What is expected »
Line by line, please look for the word "unfolding" in the following records, then copy each line you find it in.

Stored data entries
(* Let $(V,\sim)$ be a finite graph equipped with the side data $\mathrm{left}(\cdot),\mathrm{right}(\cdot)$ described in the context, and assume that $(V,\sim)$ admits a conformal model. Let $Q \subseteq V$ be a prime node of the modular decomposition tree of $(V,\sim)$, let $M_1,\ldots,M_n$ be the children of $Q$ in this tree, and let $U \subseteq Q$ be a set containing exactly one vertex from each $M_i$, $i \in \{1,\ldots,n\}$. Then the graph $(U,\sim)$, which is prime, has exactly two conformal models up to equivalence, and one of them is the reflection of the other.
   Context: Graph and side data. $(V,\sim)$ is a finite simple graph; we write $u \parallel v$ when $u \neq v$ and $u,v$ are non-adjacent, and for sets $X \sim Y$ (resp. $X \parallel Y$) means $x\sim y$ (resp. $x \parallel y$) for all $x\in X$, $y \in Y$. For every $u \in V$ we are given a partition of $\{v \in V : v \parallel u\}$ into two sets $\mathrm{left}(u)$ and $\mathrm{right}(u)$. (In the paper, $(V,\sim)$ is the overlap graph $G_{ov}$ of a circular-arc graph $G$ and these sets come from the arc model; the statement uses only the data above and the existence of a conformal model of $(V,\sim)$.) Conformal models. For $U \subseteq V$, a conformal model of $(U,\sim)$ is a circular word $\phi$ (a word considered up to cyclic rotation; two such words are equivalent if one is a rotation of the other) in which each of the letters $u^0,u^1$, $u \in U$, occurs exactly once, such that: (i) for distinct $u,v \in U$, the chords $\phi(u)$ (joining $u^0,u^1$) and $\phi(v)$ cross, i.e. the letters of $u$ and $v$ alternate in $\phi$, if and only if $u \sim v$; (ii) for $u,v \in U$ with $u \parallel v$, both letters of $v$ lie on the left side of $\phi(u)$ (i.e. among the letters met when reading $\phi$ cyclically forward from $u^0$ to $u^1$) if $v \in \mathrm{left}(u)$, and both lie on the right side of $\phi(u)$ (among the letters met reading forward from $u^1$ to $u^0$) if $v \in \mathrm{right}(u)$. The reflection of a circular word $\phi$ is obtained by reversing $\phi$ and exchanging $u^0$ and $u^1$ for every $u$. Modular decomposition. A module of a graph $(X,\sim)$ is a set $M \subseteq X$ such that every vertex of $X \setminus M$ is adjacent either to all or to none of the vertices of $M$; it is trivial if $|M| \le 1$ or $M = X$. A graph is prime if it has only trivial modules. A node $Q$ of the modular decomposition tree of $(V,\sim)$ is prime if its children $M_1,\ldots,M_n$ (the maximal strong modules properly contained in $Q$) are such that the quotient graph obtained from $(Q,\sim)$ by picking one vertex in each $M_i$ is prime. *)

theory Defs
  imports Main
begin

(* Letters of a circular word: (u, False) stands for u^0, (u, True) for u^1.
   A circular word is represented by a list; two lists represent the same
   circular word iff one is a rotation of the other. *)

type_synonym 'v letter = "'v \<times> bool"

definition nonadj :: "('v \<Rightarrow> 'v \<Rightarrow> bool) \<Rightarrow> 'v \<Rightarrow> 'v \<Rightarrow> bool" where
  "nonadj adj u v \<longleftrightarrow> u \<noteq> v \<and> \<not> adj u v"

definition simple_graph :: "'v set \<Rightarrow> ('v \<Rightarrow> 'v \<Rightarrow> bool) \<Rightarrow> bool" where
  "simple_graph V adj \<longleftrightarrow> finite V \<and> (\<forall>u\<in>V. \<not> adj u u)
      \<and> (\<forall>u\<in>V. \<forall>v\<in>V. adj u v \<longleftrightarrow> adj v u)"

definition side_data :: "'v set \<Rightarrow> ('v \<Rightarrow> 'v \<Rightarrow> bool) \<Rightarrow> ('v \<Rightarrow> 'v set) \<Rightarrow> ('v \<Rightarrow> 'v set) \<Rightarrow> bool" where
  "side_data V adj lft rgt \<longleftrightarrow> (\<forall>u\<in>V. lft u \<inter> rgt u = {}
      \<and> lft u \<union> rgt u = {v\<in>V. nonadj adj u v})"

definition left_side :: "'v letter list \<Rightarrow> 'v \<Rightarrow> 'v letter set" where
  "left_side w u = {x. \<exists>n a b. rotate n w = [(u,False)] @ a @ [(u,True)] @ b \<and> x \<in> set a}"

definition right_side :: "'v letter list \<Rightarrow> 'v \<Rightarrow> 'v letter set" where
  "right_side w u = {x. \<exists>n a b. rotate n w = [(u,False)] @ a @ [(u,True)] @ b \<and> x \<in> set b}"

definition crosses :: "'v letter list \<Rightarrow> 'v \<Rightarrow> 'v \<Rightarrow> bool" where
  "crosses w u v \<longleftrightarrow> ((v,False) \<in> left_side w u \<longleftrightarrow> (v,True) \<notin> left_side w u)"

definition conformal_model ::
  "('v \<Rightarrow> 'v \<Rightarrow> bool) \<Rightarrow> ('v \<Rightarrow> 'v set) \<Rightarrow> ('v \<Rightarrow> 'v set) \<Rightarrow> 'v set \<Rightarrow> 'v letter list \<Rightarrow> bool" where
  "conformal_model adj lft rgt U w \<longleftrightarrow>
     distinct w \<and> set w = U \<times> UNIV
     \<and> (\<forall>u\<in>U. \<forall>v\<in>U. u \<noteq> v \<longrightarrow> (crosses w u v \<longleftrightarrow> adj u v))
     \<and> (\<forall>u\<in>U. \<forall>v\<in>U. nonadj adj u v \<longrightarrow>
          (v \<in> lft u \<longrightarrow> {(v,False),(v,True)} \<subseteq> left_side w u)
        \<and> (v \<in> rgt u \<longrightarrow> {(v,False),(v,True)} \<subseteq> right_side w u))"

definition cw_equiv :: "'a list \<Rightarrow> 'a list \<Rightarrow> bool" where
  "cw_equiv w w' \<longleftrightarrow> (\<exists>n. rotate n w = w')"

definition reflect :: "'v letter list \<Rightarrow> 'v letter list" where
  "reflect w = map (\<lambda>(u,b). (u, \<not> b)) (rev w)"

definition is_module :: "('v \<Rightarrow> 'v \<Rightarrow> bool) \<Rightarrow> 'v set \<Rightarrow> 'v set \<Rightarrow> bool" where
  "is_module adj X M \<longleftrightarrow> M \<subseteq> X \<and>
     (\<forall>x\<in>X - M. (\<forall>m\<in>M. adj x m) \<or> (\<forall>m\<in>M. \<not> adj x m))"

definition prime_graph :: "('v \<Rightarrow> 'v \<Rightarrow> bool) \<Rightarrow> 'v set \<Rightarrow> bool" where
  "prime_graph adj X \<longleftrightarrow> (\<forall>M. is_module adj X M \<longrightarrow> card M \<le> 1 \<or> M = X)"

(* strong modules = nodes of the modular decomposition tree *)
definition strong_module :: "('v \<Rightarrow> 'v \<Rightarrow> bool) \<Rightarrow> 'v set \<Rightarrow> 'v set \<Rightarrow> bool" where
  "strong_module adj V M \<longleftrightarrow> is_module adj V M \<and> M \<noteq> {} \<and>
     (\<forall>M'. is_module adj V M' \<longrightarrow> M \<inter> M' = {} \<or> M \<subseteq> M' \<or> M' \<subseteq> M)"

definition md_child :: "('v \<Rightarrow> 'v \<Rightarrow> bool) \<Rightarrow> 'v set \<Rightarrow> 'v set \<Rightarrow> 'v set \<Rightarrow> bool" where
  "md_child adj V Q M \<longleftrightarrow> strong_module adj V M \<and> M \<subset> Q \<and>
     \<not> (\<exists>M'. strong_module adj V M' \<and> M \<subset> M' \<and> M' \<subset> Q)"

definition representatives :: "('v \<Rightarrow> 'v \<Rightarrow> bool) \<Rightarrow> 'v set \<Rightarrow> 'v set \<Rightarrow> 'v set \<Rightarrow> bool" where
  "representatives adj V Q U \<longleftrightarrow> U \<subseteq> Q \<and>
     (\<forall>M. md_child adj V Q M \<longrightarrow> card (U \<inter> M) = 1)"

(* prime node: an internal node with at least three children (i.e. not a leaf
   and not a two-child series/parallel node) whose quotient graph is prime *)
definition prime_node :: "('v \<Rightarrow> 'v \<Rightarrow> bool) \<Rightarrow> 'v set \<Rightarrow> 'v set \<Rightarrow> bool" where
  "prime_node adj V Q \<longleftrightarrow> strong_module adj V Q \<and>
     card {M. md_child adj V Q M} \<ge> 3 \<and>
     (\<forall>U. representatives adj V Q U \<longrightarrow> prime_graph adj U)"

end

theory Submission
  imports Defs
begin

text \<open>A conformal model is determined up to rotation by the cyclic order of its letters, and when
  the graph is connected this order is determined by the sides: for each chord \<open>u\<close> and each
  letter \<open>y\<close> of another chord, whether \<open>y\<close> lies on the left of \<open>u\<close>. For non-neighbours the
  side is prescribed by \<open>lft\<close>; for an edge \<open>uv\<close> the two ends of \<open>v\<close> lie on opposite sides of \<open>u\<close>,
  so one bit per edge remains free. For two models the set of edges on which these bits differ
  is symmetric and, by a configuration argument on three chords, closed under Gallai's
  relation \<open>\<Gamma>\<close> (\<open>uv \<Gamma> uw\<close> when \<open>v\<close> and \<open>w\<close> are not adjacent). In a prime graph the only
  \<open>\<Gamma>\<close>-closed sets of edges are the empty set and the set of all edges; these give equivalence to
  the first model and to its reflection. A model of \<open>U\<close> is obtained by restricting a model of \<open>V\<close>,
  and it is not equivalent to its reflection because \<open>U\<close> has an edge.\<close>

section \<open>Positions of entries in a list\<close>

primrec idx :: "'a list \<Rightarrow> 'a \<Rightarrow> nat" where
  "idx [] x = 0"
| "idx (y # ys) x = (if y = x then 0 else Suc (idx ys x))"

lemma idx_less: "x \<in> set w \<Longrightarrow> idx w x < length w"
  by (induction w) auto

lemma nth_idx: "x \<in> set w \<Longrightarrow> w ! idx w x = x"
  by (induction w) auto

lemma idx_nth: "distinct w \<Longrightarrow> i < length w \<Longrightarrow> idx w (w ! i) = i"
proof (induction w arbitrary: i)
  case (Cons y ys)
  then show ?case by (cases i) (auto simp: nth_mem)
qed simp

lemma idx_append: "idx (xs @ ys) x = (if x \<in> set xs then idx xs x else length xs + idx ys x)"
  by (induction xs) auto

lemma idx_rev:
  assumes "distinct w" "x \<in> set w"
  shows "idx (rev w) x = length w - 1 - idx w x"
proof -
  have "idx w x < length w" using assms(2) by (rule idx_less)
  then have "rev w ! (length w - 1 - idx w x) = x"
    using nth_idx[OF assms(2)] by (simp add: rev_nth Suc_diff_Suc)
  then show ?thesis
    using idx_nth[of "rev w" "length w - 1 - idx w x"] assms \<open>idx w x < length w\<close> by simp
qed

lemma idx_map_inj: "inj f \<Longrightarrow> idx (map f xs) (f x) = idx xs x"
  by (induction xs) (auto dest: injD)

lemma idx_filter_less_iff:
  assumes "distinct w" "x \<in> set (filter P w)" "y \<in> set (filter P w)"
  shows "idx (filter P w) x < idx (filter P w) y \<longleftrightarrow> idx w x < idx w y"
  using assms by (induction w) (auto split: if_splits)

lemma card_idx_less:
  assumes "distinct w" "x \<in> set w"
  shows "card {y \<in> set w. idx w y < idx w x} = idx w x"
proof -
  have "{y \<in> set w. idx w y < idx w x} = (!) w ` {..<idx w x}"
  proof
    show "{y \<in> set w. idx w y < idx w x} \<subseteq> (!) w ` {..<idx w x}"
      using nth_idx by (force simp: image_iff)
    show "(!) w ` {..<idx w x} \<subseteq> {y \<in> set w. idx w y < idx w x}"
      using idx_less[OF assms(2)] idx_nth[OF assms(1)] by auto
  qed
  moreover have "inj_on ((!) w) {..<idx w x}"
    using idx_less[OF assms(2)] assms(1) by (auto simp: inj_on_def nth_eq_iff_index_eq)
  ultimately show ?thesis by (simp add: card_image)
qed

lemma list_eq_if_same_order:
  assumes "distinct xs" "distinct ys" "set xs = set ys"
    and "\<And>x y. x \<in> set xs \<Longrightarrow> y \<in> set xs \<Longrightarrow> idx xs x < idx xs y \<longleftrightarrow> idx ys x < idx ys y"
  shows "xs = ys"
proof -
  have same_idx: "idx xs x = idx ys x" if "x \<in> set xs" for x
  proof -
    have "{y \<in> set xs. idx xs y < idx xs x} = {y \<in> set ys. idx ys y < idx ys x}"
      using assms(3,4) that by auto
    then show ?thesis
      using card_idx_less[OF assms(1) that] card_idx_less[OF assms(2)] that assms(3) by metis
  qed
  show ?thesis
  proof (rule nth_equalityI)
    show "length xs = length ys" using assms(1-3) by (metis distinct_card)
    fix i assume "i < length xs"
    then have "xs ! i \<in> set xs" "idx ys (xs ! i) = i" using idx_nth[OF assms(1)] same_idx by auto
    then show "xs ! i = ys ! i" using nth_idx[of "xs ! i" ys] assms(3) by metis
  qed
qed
...
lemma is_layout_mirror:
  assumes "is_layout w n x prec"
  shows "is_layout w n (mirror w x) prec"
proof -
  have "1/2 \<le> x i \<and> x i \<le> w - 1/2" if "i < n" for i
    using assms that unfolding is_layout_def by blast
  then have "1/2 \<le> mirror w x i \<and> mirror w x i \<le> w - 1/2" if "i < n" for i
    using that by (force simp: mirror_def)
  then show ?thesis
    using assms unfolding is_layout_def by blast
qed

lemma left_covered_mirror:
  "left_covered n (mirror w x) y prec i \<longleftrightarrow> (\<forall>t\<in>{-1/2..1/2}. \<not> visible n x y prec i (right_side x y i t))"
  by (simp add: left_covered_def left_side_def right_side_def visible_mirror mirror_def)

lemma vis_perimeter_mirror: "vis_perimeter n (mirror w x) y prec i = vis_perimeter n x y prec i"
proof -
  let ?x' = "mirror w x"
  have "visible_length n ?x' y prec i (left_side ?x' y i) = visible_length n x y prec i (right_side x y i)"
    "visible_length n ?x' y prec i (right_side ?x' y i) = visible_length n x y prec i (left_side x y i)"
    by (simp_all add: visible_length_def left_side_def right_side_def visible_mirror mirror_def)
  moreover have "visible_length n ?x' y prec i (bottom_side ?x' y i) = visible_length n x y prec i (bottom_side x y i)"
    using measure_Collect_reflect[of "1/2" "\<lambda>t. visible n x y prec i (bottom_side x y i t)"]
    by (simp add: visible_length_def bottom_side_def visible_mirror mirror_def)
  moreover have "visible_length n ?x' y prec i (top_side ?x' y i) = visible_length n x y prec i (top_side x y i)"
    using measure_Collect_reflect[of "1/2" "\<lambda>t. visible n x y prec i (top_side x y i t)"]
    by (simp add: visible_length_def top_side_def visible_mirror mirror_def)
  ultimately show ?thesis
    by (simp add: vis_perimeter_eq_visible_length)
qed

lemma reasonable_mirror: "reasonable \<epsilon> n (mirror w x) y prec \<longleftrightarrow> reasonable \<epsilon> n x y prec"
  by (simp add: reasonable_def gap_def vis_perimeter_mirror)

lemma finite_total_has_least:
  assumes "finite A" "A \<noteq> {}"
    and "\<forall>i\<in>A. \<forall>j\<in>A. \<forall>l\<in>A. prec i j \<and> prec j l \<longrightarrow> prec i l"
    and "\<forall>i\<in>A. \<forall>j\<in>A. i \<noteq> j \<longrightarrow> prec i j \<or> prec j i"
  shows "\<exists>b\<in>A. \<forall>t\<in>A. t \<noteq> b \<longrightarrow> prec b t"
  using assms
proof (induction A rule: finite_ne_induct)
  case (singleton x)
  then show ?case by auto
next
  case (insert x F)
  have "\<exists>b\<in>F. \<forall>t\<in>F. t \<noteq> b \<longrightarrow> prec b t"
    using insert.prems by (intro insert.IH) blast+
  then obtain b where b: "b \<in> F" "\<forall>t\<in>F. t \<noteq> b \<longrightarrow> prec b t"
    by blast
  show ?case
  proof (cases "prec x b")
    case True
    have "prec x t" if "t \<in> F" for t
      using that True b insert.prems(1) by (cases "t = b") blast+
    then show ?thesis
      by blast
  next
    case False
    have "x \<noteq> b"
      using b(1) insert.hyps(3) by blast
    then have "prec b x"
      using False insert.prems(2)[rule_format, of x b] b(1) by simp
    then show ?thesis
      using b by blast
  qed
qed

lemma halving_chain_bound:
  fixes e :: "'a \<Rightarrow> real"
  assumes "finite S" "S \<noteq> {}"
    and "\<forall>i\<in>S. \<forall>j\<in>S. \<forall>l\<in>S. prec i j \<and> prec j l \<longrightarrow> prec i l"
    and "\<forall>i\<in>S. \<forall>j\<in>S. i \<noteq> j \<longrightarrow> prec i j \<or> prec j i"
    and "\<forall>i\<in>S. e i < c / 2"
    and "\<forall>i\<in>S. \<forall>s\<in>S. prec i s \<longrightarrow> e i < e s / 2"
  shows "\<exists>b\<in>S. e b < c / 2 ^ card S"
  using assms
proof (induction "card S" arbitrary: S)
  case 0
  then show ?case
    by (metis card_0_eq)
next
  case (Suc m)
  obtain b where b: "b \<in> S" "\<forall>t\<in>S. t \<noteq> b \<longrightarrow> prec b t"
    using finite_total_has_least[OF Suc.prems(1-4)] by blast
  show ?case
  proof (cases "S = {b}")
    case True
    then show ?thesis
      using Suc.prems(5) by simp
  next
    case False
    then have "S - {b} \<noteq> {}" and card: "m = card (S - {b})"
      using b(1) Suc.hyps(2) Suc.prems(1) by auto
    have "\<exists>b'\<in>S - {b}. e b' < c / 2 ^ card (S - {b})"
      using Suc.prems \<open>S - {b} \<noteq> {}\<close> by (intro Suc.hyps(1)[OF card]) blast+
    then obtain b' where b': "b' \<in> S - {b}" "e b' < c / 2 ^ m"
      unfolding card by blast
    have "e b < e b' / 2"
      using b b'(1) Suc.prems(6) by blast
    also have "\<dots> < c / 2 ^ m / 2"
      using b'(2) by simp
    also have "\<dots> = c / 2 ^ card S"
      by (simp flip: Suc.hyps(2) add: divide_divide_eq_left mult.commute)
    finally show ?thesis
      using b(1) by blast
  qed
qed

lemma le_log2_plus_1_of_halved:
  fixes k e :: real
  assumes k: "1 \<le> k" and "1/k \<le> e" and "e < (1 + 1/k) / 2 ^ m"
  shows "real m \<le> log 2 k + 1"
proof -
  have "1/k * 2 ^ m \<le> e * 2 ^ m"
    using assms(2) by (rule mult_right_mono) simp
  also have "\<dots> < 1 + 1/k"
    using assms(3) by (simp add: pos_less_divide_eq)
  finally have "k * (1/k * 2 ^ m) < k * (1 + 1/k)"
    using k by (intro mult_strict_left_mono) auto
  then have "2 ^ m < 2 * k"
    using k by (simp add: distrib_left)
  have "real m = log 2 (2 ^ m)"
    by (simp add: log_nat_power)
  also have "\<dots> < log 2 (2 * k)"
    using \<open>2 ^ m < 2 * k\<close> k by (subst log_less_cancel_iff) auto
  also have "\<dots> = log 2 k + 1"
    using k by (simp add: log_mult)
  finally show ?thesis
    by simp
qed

Response to the task »
    using assms that unfolding is_layout_def by blast
    using assms unfolding is_layout_def by blast
      unfolding card by blast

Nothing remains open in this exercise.